**Data for analysis**
definition connected_graph :: "'a set \<Rightarrow> ('a \<Rightarrow> 'a \<Rightarrow> bool) \<Rightarrow> bool" where
  "connected_graph V E \<longleftrightarrow> graph V E \<and> (\<forall>u\<in>V. \<forall>v\<in>V. \<exists>k. reach E k u v)"

definition gdist :: "('a \<Rightarrow> 'a \<Rightarrow> bool) \<Rightarrow> 'a \<Rightarrow> 'a \<Rightarrow> nat" where
  "gdist E u v = (LEAST k. reach E k u v)"

definition set_dist :: "('a \<Rightarrow> 'a \<Rightarrow> bool) \<Rightarrow> 'a \<Rightarrow> 'a set \<Rightarrow> nat" where
  "set_dist E u S = Min ((gdist E u) ` S)"

definition nbhd :: "'a set \<Rightarrow> ('a \<Rightarrow> 'a \<Rightarrow> bool) \<Rightarrow> 'a \<Rightarrow> 'a set" where
  "nbhd V E u = {w \<in> V. E u w}"

definition twins :: "'a set \<Rightarrow> ('a \<Rightarrow> 'a \<Rightarrow> bool) \<Rightarrow> 'a \<Rightarrow> 'a \<Rightarrow> bool" where
  "twins V E u v \<longleftrightarrow> nbhd V E u - {v} = nbhd V E v - {u}"

definition twin_class :: "'a set \<Rightarrow> ('a \<Rightarrow> 'a \<Rightarrow> bool) \<Rightarrow> 'a \<Rightarrow> 'a set" where
  "twin_class V E u = {v \<in> V. twins V E u v}"

definition twin_number :: "'a set \<Rightarrow> ('a \<Rightarrow> 'a \<Rightarrow> bool) \<Rightarrow> nat" where
  "twin_number V E = Max ((\<lambda>u. card (twin_class V E u)) ` V)"

definition tau_set :: "'a set \<Rightarrow> ('a \<Rightarrow> 'a \<Rightarrow> bool) \<Rightarrow> 'a set \<Rightarrow> bool" where
  "tau_set V E W \<longleftrightarrow> W \<subseteq> V \<and> (\<forall>u\<in>W. \<forall>v\<in>W. twins V E u v)
      \<and> card W = twin_number V E"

**Task statement**
Gather each line of the listing that holds the string "nbhd".

**Your response**
definition nbhd :: "'a set \<Rightarrow> ('a \<Rightarrow> 'a \<Rightarrow> bool) \<Rightarrow> 'a \<Rightarrow> 'a set" where
  "nbhd V E u = {w \<in> V. E u w}"
  "twins V E u v \<longleftrightarrow> nbhd V E u - {v} = nbhd V E v - {u}"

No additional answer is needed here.